2 Tim. 4:16     At my first defense no one stood with me, but all forsook me. May it not be charged against them. (NKJ)

     If the phrase “all forsook Paul” is accepted literally as true, it makes no sense. All the people who heard Paul did not forsake him.

Acts 28:23-25 says, “They arranged to meet Paul on a certain day, and came in even larger numbers to the place where he was staying. From morning till evening he explained and declared to them the kingdom of God and tried to convince them about Jesus from the Law of Moses and from the Prophets. Some were convinced by what he said, but others would not believe. They disagreed among themselves and began to leave after Paul had made this final statement” (NIV).

     These passages indicate that all the people who heard Paul in the city of Rome did by no means forsake the apostle Paul.

The Bible confirms that “all” in 1 Cor. 12:13 does by no means mean “all Christians.”

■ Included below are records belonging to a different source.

lemma slab_face:
  fixes g :: "'a::euclidean_space" and m m' :: int
  assumes "convex C" and slab: "\<And>p. p \<in> C \<Longrightarrow> of_int m \<le> g \<bullet> p - h \<and> g \<bullet> p - h \<le> of_int m + 1"
  shows "C \<inter> {p. of_int m' \<le> g \<bullet> p - h \<and> g \<bullet> p - h \<le> of_int m' + 1} face_of C"
proof -
  consider "m' = m" | "m' = m + 1" | "m' = m - 1" | "m' \<ge> m + 2 \<or> m' \<le> m - 2" by linarith
  then show ?thesis
  proof cases
    case 1
    with slab have "C \<inter> {p. of_int m' \<le> g \<bullet> p - h \<and> g \<bullet> p - h \<le> of_int m' + 1} = C" by auto
    with assms(1) show ?thesis by (simp add: face_of_refl)
  next
    case 2
    with slab have "C \<inter> {p. of_int m' \<le> g \<bullet> p - h \<and> g \<bullet> p - h \<le> of_int m' + 1}
        = C \<inter> {p. g \<bullet> p = of_int m + 1 + h}" by force
    moreover have "(C \<inter> {p. g \<bullet> p = of_int m + 1 + h}) face_of C"
      using assms(1) by (rule face_of_Int_supporting_hyperplane_le) (use slab in force)
    ultimately show ?thesis by simp
  next
    case 3
    with slab have "C \<inter> {p. of_int m' \<le> g \<bullet> p - h \<and> g \<bullet> p - h \<le> of_int m' + 1}
        = C \<inter> {p. g \<bullet> p = of_int m + h}" by force
    moreover have "(C \<inter> {p. g \<bullet> p = of_int m + h}) face_of C"
      using assms(1) by (rule face_of_Int_supporting_hyperplane_ge) (use slab in force)
    ultimately show ?thesis by simp
  next
    case 4
    then have "real_of_int m' \<ge> of_int m + 2 \<or> real_of_int m' \<le> of_int m - 2" by linarith
    with slab have "C \<inter> {p. of_int m' \<le> g \<bullet> p - h \<and> g \<bullet> p - h \<le> of_int m' + 1} = {}" by force
    then show ?thesis by simp
  qed
qed

lemma interior_halfspaces_Inter:
  fixes z :: "'a::euclidean_space"
  assumes "finite C" "\<And>a b. (a, b) \<in> C \<Longrightarrow> a \<bullet> z < b"
  shows "z \<in> interior {x. \<forall>(a, b)\<in>C. a \<bullet> x \<le> b}"
proof -
  have "{x. \<forall>(a, b)\<in>C. a \<bullet> x < b} = (\<Inter>c\<in>C. {x. fst c \<bullet> x < snd c})"
    by (auto simp: case_prod_unfold)
  then have "open {x. \<forall>(a, b)\<in>C. a \<bullet> x < b}" using assms(1) by (simp add: open_INT open_halfspace_lt)
  moreover have "{x. \<forall>(a, b)\<in>C. a \<bullet> x < b} \<subseteq> {x. \<forall>(a, b)\<in>C. a \<bullet> x \<le> b}" by auto
  ultimately have "{x. \<forall>(a, b)\<in>C. a \<bullet> x < b} \<subseteq> interior {x. \<forall>(a, b)\<in>C. a \<bullet> x \<le> b}"
    by (simp add: interior_maximal)
  with assms(2) show ?thesis by blast
qed
lemma prob_Pi_pmf_third_in_le:
  assumes "finite I" "measure_pmf.prob Q E \<le> q ^ 3" "q \<le> 1"
  shows "measure_pmf.prob (Pi_pmf I dflt (\<lambda>_. Q)) {z. card I \<le> 3 * card {i\<in>I. z i \<in> E}}
       \<le> (2 * q) ^ card I"
proof -
  let ?P = "Pi_pmf I dflt (\<lambda>_. Q)"
  define Fam where "Fam = {S. S \<subseteq> I \<and> card I \<le> 3 * card S}"
  have "0 \<le> q ^ 3"
    using assms(2) measure_nonneg order_trans by blast
  then have "0 \<le> q"
    by (simp add: zero_le_odd_power)
  have fin: "finite Fam" and card_Fam: "card Fam \<le> 2 ^ card I"
    using card_mono[of "Pow I" Fam] assms(1) by (auto simp: Fam_def card_Pow finite_subset)
  have "{z. card I \<le> 3 * card {i\<in>I. z i \<in> E}} \<subseteq> (\<Union>S\<in>Fam. {z. \<forall>i\<in>S. z i \<in> E})"
  proof
    fix z assume "z \<in> {z. card I \<le> 3 * card {i\<in>I. z i \<in> E}}"
    then have "{i\<in>I. z i \<in> E} \<in> Fam" by (auto simp: Fam_def)
    then show "z \<in> (\<Union>S\<in>Fam. {z. \<forall>i\<in>S. z i \<in> E})" by blast
  qed
  then have "measure_pmf.prob ?P {z. card I \<le> 3 * card {i\<in>I. z i \<in> E}}
      \<le> measure_pmf.prob ?P (\<Union>S\<in>Fam. {z. \<forall>i\<in>S. z i \<in> E})"
    by (intro measure_pmf.finite_measure_mono) auto
  also have "\<dots> \<le> (\<Sum>S\<in>Fam. measure_pmf.prob ?P {z. \<forall>i\<in>S. z i \<in> E})"
    by (intro measure_pmf.finite_measure_subadditive_finite fin) auto
  also have "\<dots> \<le> (\<Sum>S\<in>Fam. q ^ card I)"
  proof (intro sum_mono)
    fix S assume "S \<in> Fam"
    then have "S \<subseteq> I" "card I \<le> 3 * card S" by (auto simp: Fam_def)
    then have "measure_pmf.prob ?P {z. \<forall>i\<in>S. z i \<in> E} \<le> (q ^ 3) ^ card S"
      using assms(1,2) by (simp add: prob_Pi_pmf_all_in power_mono)
    also have "\<dots> \<le> q ^ card I"
      using \<open>card I \<le> 3 * card S\<close> \<open>0 \<le> q\<close> assms(3)
      by (simp add: power_mult[symmetric] power_decreasing)
    finally show "measure_pmf.prob ?P {z. \<forall>i\<in>S. z i \<in> E} \<le> q ^ card I" .
  qed
  also have "\<dots> \<le> 2 ^ card I * q ^ card I"
    using card_Fam \<open>0 \<le> q\<close> by (simp add: mult_right_mono)
  finally show ?thesis by (simp add: power_mult_distrib)
qed

lemma Pi_pmf_Times:
  assumes "finite I" "finite J"
  shows "Pi_pmf (I \<times> J) dflt p
       = map_pmf case_prod (Pi_pmf I (\<lambda>_. dflt) (\<lambda>i. Pi_pmf J dflt (\<lambda>j. p (i, j))))"
  (is "_ = map_pmf case_prod ?R")
proof (rule pmf_eqI)
  fix x :: "_ \<times> _ \<Rightarrow> _"
  have "pmf (Pi_pmf (I \<times> J) dflt p) x = pmf ?R (curry x)"
    using assms by (auto simp: pmf_Pi prod.cartesian_product fun_eq_iff)
  also have "\<dots> = pmf (map_pmf case_prod ?R) x"
    by (metis case_prod_curry curry_case_prod injI pmf_map_inj')
  finally show "pmf (Pi_pmf (I \<times> J) dflt p) x = pmf (map_pmf case_prod ?R) x" .
qed

lemma expectation_pmf_of_multiset:
  fixes f :: "_ \<Rightarrow> real"
  assumes "A \<noteq> {#}"
  shows "measure_pmf.expectation (pmf_of_multiset A) f = (\<Sum>p\<in>#A. f p) / real (size A)"
proof -
  have "measure_pmf.expectation (pmf_of_multiset A) f
      = (\<Sum>x\<in>set_mset A. f x * pmf (pmf_of_multiset A) x)"
    using assms by (intro integral_measure_pmf_real) auto
  then show ?thesis
    using assms by (simp add: sum_mset_eq_sum_count sum_divide_distrib algebra_simps)
qed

     The text of 1 Cor. 12:12-13 means that all the members who have accepted Jesus as Savior and Lord can be called Christians and members of the one body of Christ. But it is impossible to say that all of them were baptized with/in water. Surely, some of them were baptized with/in water in the name of Jesus Christ and some of them had yet to be baptized. But all of them were “all the members of the one body are one body.” We can conclude that all believers must be baptized with/ in water in the name of Jesus Christ, that is, in one body of Jesus Christ. Before being baptized with/in water in the name of Christ, all must accept Jesus Christ as Savior and Lord. Those who have accepted Jesus as Savior have become the parts of the body of Christ.
     Subsequently, these believers may be baptized with/in water, but they did not become one body of Christ through water baptism or the baptism of the Spirit. This came through faith in Him. 1 Cor. 12:13 says, “We were all baptized by one Spirit in one body” (Author). In conclusion, this passage means that “we and all” refer to only all Christians who were baptized with/in/by the Spirit in one body. It does not include those who are not yet baptized with/in/by the Spirit. There are many believers who have yet to be baptized with/in water or with/in/by the Spirit though they are already one body through faith in Jesus.